[Saved entries]
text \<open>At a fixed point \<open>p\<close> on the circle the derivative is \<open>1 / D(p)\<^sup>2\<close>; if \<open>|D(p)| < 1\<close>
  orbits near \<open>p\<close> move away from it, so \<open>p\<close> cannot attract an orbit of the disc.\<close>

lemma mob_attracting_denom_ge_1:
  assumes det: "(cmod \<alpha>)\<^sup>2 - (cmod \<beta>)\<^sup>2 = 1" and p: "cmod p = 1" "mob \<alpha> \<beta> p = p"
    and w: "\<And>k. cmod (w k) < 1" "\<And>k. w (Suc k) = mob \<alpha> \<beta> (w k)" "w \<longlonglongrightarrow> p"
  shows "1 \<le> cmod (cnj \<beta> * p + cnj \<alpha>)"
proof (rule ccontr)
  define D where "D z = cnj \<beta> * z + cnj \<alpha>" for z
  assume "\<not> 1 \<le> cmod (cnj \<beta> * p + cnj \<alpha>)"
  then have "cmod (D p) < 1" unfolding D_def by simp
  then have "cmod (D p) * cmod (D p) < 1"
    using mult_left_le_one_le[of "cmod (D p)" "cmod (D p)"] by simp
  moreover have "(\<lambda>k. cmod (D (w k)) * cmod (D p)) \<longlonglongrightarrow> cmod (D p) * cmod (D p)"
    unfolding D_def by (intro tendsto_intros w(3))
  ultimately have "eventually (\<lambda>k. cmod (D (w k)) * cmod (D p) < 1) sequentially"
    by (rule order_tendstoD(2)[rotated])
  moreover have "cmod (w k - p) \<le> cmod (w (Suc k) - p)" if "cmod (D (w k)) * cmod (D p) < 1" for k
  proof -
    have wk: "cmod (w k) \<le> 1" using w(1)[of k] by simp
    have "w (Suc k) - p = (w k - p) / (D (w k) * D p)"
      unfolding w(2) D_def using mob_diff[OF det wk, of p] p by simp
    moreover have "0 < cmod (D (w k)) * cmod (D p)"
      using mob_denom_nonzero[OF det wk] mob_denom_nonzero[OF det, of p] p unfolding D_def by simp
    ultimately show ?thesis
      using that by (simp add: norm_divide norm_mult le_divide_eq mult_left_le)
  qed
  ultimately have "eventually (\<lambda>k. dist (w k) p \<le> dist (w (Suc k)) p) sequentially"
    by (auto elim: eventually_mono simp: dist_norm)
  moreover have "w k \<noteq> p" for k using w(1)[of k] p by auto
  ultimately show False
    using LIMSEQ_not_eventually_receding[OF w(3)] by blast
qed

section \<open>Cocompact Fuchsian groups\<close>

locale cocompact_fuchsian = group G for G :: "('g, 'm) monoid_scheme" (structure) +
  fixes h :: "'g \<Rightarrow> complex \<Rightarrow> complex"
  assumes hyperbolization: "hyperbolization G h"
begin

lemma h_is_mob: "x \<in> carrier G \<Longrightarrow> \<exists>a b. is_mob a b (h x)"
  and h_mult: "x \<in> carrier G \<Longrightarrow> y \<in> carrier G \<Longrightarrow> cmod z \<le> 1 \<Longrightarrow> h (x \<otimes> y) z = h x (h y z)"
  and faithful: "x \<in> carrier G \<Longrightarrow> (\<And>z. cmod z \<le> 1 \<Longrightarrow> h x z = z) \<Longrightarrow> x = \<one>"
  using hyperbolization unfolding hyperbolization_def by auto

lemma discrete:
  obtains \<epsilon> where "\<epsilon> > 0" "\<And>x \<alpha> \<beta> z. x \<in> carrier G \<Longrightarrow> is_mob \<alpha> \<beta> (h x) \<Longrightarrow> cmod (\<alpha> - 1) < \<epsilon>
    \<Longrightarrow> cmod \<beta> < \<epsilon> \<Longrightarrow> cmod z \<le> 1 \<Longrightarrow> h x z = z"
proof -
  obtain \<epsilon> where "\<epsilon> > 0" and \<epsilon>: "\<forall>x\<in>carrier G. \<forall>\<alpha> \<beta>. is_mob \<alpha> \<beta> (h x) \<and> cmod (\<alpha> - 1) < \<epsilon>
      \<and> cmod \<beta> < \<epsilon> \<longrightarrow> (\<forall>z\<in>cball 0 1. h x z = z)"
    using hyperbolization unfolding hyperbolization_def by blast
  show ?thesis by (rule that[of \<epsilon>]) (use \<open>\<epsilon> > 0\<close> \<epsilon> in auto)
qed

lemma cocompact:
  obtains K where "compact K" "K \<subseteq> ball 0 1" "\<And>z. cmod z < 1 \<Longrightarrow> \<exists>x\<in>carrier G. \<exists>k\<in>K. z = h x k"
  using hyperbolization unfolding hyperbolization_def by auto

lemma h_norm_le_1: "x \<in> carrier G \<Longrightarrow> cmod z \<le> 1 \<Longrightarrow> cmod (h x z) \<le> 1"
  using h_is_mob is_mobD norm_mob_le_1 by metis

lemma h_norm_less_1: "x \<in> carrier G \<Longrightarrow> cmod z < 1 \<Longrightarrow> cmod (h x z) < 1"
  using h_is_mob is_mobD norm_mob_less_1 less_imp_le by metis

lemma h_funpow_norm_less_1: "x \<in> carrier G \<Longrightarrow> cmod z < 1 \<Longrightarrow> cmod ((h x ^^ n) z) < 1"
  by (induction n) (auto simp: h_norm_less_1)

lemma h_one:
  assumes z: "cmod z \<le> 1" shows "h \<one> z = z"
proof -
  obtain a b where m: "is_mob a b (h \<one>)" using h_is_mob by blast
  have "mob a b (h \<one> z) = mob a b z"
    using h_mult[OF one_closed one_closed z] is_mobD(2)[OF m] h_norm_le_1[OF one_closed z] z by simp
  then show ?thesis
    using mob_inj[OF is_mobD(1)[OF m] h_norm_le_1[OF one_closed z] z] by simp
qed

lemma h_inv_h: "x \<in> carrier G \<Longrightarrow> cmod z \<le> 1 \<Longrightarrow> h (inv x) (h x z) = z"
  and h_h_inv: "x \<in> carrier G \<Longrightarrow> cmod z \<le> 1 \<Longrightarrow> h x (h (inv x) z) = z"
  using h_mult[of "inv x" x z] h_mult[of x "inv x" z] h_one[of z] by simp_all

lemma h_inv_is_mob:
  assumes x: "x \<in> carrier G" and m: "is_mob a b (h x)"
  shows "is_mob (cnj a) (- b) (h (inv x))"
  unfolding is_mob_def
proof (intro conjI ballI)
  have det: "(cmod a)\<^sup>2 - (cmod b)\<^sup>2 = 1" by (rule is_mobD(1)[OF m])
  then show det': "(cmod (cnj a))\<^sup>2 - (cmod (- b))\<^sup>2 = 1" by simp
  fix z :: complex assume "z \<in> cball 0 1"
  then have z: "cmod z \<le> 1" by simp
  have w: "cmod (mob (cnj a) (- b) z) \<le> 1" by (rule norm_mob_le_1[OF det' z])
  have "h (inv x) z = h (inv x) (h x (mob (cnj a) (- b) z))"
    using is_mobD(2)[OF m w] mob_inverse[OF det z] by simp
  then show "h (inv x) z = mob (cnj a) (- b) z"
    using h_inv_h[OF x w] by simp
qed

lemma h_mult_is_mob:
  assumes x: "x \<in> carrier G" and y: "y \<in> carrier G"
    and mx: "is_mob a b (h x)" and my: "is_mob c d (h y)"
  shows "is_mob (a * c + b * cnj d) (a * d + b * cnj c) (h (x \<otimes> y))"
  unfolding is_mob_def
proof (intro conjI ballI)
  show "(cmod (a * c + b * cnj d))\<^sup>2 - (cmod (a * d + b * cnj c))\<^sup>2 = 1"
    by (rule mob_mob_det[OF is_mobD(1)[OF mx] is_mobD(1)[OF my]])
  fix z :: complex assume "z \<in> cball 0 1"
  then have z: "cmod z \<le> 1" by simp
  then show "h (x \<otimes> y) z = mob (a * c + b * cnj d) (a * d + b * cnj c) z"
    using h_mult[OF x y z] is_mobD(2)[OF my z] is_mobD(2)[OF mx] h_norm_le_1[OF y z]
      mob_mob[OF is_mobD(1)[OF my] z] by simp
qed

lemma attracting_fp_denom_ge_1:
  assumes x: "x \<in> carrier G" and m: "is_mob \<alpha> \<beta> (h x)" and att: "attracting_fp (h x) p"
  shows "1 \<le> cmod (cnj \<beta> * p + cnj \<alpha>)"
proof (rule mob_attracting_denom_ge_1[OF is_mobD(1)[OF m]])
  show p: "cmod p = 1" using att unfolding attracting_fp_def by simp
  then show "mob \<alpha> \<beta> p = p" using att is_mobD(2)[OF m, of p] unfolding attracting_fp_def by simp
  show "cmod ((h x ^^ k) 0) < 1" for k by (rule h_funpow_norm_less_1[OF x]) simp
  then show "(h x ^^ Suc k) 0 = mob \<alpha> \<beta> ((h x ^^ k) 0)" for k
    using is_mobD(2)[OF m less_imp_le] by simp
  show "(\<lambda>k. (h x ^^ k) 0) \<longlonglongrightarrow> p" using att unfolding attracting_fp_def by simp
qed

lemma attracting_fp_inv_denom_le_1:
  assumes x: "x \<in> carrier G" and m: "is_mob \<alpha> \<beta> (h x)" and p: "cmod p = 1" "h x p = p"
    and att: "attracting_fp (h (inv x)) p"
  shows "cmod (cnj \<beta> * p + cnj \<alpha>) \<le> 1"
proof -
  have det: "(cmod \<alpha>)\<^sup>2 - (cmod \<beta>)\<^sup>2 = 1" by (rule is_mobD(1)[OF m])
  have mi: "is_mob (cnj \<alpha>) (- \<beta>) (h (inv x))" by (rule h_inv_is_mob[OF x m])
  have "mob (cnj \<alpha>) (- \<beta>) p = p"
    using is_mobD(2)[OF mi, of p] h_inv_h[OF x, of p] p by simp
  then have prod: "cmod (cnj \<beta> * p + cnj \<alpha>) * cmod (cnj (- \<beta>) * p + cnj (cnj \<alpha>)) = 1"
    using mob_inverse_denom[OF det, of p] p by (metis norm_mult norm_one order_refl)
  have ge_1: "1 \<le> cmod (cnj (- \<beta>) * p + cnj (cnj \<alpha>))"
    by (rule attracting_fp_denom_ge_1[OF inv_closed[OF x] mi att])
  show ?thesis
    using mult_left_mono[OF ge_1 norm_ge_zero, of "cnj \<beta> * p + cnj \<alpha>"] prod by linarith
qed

- EXERCISE AIM
Return, word for word, the lines of the data above from the line with "cmod (D p))" through the line with "G \<Longrightarrow> y", inclusive.

- FINISHED EXERCISE
  moreover have "(\<lambda>k. cmod (D (w k)) * cmod (D p)) \<longlonglongrightarrow> cmod (D p) * cmod (D p)"
    unfolding D_def by (intro tendsto_intros w(3))
  ultimately have "eventually (\<lambda>k. cmod (D (w k)) * cmod (D p) < 1) sequentially"
    by (rule order_tendstoD(2)[rotated])
  moreover have "cmod (w k - p) \<le> cmod (w (Suc k) - p)" if "cmod (D (w k)) * cmod (D p) < 1" for k
  proof -
    have wk: "cmod (w k) \<le> 1" using w(1)[of k] by simp
    have "w (Suc k) - p = (w k - p) / (D (w k) * D p)"
      unfolding w(2) D_def using mob_diff[OF det wk, of p] p by simp
    moreover have "0 < cmod (D (w k)) * cmod (D p)"
      using mob_denom_nonzero[OF det wk] mob_denom_nonzero[OF det, of p] p unfolding D_def by simp
    ultimately show ?thesis
      using that by (simp add: norm_divide norm_mult le_divide_eq mult_left_le)
  qed
  ultimately have "eventually (\<lambda>k. dist (w k) p \<le> dist (w (Suc k)) p) sequentially"
    by (auto elim: eventually_mono simp: dist_norm)
  moreover have "w k \<noteq> p" for k using w(1)[of k] p by auto
  ultimately show False
    using LIMSEQ_not_eventually_receding[OF w(3)] by blast
qed

section \<open>Cocompact Fuchsian groups\<close>

locale cocompact_fuchsian = group G for G :: "('g, 'm) monoid_scheme" (structure) +
  fixes h :: "'g \<Rightarrow> complex \<Rightarrow> complex"
  assumes hyperbolization: "hyperbolization G h"
begin

lemma h_is_mob: "x \<in> carrier G \<Longrightarrow> \<exists>a b. is_mob a b (h x)"
  and h_mult: "x \<in> carrier G \<Longrightarrow> y \<in> carrier G \<Longrightarrow> cmod z \<le> 1 \<Longrightarrow> h (x \<otimes> y) z = h x (h y z)"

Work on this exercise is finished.